Action item: All of the entries should be written out again exactly.
--- The records Enclosed Below ---
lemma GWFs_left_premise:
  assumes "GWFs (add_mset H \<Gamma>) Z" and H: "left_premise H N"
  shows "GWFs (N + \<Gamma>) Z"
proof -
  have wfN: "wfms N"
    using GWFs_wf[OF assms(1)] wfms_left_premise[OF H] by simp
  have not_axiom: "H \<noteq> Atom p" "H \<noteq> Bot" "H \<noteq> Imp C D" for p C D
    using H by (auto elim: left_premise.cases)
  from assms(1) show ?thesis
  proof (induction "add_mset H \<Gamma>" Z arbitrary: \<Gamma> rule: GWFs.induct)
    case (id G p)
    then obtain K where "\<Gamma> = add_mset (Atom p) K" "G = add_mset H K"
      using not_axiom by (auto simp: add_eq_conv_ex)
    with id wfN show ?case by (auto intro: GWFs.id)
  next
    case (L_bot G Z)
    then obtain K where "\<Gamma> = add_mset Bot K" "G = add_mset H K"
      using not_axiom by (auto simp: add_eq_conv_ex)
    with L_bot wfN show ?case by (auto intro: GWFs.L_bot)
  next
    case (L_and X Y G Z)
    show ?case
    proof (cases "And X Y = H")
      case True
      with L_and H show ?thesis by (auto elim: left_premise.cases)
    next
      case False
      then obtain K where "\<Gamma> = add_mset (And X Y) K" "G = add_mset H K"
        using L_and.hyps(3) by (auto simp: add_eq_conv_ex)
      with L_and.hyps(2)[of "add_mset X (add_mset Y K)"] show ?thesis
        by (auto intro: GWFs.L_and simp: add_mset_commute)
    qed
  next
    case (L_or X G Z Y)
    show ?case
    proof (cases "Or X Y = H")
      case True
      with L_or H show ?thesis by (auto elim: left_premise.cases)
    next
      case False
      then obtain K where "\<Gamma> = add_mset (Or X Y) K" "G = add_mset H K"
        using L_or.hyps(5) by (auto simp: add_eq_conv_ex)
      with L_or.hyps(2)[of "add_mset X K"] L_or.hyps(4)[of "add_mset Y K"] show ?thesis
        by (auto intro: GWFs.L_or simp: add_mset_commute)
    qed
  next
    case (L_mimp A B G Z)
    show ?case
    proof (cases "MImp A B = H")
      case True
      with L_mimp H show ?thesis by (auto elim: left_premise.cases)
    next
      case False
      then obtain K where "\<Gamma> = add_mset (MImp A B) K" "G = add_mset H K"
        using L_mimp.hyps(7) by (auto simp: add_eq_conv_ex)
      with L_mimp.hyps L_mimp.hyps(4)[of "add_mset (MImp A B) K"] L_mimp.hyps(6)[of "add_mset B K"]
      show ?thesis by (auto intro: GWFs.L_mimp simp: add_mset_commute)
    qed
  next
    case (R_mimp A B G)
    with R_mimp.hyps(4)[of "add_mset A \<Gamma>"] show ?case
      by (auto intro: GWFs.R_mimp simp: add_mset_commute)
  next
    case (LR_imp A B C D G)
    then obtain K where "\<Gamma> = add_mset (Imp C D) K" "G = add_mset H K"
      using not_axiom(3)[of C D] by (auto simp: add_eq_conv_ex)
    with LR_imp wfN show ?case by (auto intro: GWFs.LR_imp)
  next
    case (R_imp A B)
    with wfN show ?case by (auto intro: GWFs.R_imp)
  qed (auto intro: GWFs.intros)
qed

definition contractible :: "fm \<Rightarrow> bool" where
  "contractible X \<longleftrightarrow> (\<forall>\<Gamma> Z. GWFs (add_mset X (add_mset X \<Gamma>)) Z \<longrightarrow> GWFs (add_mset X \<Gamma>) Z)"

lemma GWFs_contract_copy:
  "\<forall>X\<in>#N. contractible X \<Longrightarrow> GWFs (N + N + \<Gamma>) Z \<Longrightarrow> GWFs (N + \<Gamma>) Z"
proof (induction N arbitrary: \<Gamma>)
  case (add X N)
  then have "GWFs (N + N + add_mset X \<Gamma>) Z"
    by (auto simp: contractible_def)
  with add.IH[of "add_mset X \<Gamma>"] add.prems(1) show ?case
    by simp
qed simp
--- End of Enclosed The records ---
Task answer:
lemma GWFs_left_premise:
  assumes "GWFs (add_mset H \<Gamma>) Z" and H: "left_premise H N"
  shows "GWFs (N + \<Gamma>) Z"
proof -
  have wfN: "wfms N"
    using GWFs_wf[OF assms(1)] wfms_left_premise[OF H] by simp
  have not_axiom: "H \<noteq> Atom p" "H \<noteq> Bot" "H \<noteq> Imp C D" for p C D
    using H by (auto elim: left_premise.cases)
  from assms(1) show ?thesis
  proof (induction "add_mset H \<Gamma>" Z arbitrary: \<Gamma> rule: GWFs.induct)
    case (id G p)
    then obtain K where "\<Gamma> = add_mset (Atom p) K" "G = add_mset H K"
      using not_axiom by (auto simp: add_eq_conv_ex)
    with id wfN show ?case by (auto intro: GWFs.id)
  next
    case (L_bot G Z)
    then obtain K where "\<Gamma> = add_mset Bot K" "G = add_mset H K"
      using not_axiom by (auto simp: add_eq_conv_ex)
    with L_bot wfN show ?case by (auto intro: GWFs.L_bot)
  next
    case (L_and X Y G Z)
    show ?case
    proof (cases "And X Y = H")
      case True
      with L_and H show ?thesis by (auto elim: left_premise.cases)
    next
      case False
      then obtain K where "\<Gamma> = add_mset (And X Y) K" "G = add_mset H K"
        using L_and.hyps(3) by (auto simp: add_eq_conv_ex)
      with L_and.hyps(2)[of "add_mset X (add_mset Y K)"] show ?thesis
        by (auto intro: GWFs.L_and simp: add_mset_commute)
    qed
  next
    case (L_or X G Z Y)
    show ?case
    proof (cases "Or X Y = H")
      case True
      with L_or H show ?thesis by (auto elim: left_premise.cases)
    next
      case False
      then obtain K where "\<Gamma> = add_mset (Or X Y) K" "G = add_mset H K"
        using L_or.hyps(5) by (auto simp: add_eq_conv_ex)
      with L_or.hyps(2)[of "add_mset X K"] L_or.hyps(4)[of "add_mset Y K"] show ?thesis
        by (auto intro: GWFs.L_or simp: add_mset_commute)
    qed
  next
    case (L_mimp A B G Z)
    show ?case
    proof (cases "MImp A B = H")
      case True
      with L_mimp H show ?thesis by (auto elim: left_premise.cases)
    next
      case False
      then obtain K where "\<Gamma> = add_mset (MImp A B) K" "G = add_mset H K"
        using L_mimp.hyps(7) by (auto simp: add_eq_conv_ex)
      with L_mimp.hyps L_mimp.hyps(4)[of "add_mset (MImp A B) K"] L_mimp.hyps(6)[of "add_mset B K"]
      show ?thesis by (auto intro: GWFs.L_mimp simp: add_mset_commute)
    qed
  next
    case (R_mimp A B G)
    with R_mimp.hyps(4)[of "add_mset A \<Gamma>"] show ?case
      by (auto intro: GWFs.R_mimp simp: add_mset_commute)
  next
    case (LR_imp A B C D G)
    then obtain K where "\<Gamma> = add_mset (Imp C D) K" "G = add_mset H K"
      using not_axiom(3)[of C D] by (auto simp: add_eq_conv_ex)
    with LR_imp wfN show ?case by (auto intro: GWFs.LR_imp)
  next
    case (R_imp A B)
    with wfN show ?case by (auto intro: GWFs.R_imp)
  qed (auto intro: GWFs.intros)
qed

definition contractible :: "fm \<Rightarrow> bool" where
  "contractible X \<longleftrightarrow> (\<forall>\<Gamma> Z. GWFs (add_mset X (add_mset X \<Gamma>)) Z \<longrightarrow> GWFs (add_mset X \<Gamma>) Z)"

lemma GWFs_contract_copy:
  "\<forall>X\<in>#N. contractible X \<Longrightarrow> GWFs (N + N + \<Gamma>) Z \<Longrightarrow> GWFs (N + \<Gamma>) Z"
proof (induction N arbitrary: \<Gamma>)
  case (add X N)
  then have "GWFs (N + N + add_mset X \<Gamma>) Z"
    by (auto simp: contractible_def)
  with add.IH[of "add_mset X \<Gamma>"] add.prems(1) show ?case
    by simp
qed simp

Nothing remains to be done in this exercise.